WORK INSTRUCTIONS:
Every record shown here must be duplicated without change.

DATA IN THIS EXERCISE:
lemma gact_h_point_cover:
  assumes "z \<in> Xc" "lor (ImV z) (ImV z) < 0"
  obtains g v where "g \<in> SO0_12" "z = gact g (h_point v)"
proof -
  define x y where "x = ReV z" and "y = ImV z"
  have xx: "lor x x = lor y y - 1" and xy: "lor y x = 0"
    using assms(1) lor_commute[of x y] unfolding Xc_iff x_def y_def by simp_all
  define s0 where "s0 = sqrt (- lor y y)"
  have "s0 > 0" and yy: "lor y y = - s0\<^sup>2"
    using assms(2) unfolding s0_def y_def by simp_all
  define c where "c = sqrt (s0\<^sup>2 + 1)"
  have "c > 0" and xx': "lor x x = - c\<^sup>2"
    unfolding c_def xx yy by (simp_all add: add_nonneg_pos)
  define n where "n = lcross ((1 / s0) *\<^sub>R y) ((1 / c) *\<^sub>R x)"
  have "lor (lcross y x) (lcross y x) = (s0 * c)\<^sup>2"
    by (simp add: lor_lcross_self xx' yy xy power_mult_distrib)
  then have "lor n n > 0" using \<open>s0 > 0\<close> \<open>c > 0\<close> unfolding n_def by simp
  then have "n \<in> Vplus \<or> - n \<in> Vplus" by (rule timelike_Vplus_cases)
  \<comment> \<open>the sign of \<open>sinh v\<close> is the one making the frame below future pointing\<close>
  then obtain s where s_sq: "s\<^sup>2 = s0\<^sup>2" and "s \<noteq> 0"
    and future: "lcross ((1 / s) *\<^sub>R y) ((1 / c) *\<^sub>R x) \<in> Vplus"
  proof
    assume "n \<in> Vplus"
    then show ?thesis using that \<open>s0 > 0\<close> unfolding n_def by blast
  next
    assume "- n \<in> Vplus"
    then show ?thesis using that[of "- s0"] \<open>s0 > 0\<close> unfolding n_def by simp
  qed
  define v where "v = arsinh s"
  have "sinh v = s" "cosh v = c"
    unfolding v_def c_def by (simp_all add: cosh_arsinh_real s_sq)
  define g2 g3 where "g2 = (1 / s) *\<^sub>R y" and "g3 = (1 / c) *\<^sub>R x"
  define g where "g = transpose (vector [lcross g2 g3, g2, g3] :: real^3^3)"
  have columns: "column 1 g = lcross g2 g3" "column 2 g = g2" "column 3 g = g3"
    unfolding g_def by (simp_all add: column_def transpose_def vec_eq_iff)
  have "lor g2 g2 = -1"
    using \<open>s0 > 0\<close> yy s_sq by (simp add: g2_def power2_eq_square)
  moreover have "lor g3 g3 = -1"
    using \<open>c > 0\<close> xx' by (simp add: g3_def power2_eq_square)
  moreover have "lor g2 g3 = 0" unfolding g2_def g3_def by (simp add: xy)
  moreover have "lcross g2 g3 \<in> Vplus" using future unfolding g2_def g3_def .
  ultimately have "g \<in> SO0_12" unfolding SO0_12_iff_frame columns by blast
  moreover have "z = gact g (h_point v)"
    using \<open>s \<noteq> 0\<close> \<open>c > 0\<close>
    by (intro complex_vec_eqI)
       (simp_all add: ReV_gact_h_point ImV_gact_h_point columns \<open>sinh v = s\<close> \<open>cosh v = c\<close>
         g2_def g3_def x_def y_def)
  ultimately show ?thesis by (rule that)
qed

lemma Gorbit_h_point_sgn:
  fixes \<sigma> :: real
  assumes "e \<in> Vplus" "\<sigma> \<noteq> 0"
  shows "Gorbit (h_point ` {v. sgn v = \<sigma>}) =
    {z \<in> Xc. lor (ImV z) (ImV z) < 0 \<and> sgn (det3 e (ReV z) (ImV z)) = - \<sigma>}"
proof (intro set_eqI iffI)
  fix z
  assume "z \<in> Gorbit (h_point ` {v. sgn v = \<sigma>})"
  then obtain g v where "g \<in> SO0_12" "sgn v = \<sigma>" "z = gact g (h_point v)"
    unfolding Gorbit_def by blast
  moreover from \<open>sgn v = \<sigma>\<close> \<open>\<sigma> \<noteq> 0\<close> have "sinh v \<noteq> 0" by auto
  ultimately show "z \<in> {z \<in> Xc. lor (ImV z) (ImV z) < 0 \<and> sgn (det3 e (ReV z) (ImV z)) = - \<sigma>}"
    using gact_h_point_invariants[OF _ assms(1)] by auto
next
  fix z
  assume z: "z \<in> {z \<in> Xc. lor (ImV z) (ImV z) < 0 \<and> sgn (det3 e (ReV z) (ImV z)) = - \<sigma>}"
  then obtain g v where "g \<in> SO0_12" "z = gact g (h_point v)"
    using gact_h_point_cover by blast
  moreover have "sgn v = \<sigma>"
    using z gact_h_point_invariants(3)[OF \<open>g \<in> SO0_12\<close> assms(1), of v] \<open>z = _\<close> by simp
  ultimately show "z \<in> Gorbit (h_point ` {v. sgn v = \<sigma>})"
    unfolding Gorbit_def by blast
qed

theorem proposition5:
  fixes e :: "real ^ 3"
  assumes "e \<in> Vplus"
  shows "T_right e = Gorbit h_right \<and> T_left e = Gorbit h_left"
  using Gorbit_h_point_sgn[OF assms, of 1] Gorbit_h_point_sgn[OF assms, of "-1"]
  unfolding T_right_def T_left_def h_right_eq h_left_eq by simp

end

TASK RESPONSE:
lemma gact_h_point_cover:
  assumes "z \<in> Xc" "lor (ImV z) (ImV z) < 0"
  obtains g v where "g \<in> SO0_12" "z = gact g (h_point v)"
proof -
  define x y where "x = ReV z" and "y = ImV z"
  have xx: "lor x x = lor y y - 1" and xy: "lor y x = 0"
    using assms(1) lor_commute[of x y] unfolding Xc_iff x_def y_def by simp_all
  define s0 where "s0 = sqrt (- lor y y)"
  have "s0 > 0" and yy: "lor y y = - s0\<^sup>2"
    using assms(2) unfolding s0_def y_def by simp_all
  define c where "c = sqrt (s0\<^sup>2 + 1)"
  have "c > 0" and xx': "lor x x = - c\<^sup>2"
    unfolding c_def xx yy by (simp_all add: add_nonneg_pos)
  define n where "n = lcross ((1 / s0) *\<^sub>R y) ((1 / c) *\<^sub>R x)"
  have "lor (lcross y x) (lcross y x) = (s0 * c)\<^sup>2"
    by (simp add: lor_lcross_self xx' yy xy power_mult_distrib)
  then have "lor n n > 0" using \<open>s0 > 0\<close> \<open>c > 0\<close> unfolding n_def by simp
  then have "n \<in> Vplus \<or> - n \<in> Vplus" by (rule timelike_Vplus_cases)
  \<comment> \<open>the sign of \<open>sinh v\<close> is the one making the frame below future pointing\<close>
  then obtain s where s_sq: "s\<^sup>2 = s0\<^sup>2" and "s \<noteq> 0"
    and future: "lcross ((1 / s) *\<^sub>R y) ((1 / c) *\<^sub>R x) \<in> Vplus"
  proof
    assume "n \<in> Vplus"
    then show ?thesis using that \<open>s0 > 0\<close> unfolding n_def by blast
  next
    assume "- n \<in> Vplus"
    then show ?thesis using that[of "- s0"] \<open>s0 > 0\<close> unfolding n_def by simp
  qed
  define v where "v = arsinh s"
  have "sinh v = s" "cosh v = c"
    unfolding v_def c_def by (simp_all add: cosh_arsinh_real s_sq)
  define g2 g3 where "g2 = (1 / s) *\<^sub>R y" and "g3 = (1 / c) *\<^sub>R x"
  define g where "g = transpose (vector [lcross g2 g3, g2, g3] :: real^3^3)"
  have columns: "column 1 g = lcross g2 g3" "column 2 g = g2" "column 3 g = g3"
    unfolding g_def by (simp_all add: column_def transpose_def vec_eq_iff)
  have "lor g2 g2 = -1"
    using \<open>s0 > 0\<close> yy s_sq by (simp add: g2_def power2_eq_square)
  moreover have "lor g3 g3 = -1"
    using \<open>c > 0\<close> xx' by (simp add: g3_def power2_eq_square)
  moreover have "lor g2 g3 = 0" unfolding g2_def g3_def by (simp add: xy)
  moreover have "lcross g2 g3 \<in> Vplus" using future unfolding g2_def g3_def .
  ultimately have "g \<in> SO0_12" unfolding SO0_12_iff_frame columns by blast
  moreover have "z = gact g (h_point v)"
    using \<open>s \<noteq> 0\<close> \<open>c > 0\<close>
    by (intro complex_vec_eqI)
       (simp_all add: ReV_gact_h_point ImV_gact_h_point columns \<open>sinh v = s\<close> \<open>cosh v = c\<close>
         g2_def g3_def x_def y_def)
  ultimately show ?thesis by (rule that)
qed

lemma Gorbit_h_point_sgn:
  fixes \<sigma> :: real
  assumes "e \<in> Vplus" "\<sigma> \<noteq> 0"
  shows "Gorbit (h_point ` {v. sgn v = \<sigma>}) =
    {z \<in> Xc. lor (ImV z) (ImV z) < 0 \<and> sgn (det3 e (ReV z) (ImV z)) = - \<sigma>}"
proof (intro set_eqI iffI)
  fix z
  assume "z \<in> Gorbit (h_point ` {v. sgn v = \<sigma>})"
  then obtain g v where "g \<in> SO0_12" "sgn v = \<sigma>" "z = gact g (h_point v)"
    unfolding Gorbit_def by blast
  moreover from \<open>sgn v = \<sigma>\<close> \<open>\<sigma> \<noteq> 0\<close> have "sinh v \<noteq> 0" by auto
  ultimately show "z \<in> {z \<in> Xc. lor (ImV z) (ImV z) < 0 \<and> sgn (det3 e (ReV z) (ImV z)) = - \<sigma>}"
    using gact_h_point_invariants[OF _ assms(1)] by auto
next
  fix z
  assume z: "z \<in> {z \<in> Xc. lor (ImV z) (ImV z) < 0 \<and> sgn (det3 e (ReV z) (ImV z)) = - \<sigma>}"
  then obtain g v where "g \<in> SO0_12" "z = gact g (h_point v)"
    using gact_h_point_cover by blast
  moreover have "sgn v = \<sigma>"
    using z gact_h_point_invariants(3)[OF \<open>g \<in> SO0_12\<close> assms(1), of v] \<open>z = _\<close> by simp
  ultimately show "z \<in> Gorbit (h_point ` {v. sgn v = \<sigma>})"
    unfolding Gorbit_def by blast
qed

theorem proposition5:
  fixes e :: "real ^ 3"
  assumes "e \<in> Vplus"
  shows "T_right e = Gorbit h_right \<and> T_left e = Gorbit h_left"
  using Gorbit_h_point_sgn[OF assms, of 1] Gorbit_h_point_sgn[OF assms, of "-1"]
  unfolding T_right_def T_left_def h_right_eq h_left_eq by simp

end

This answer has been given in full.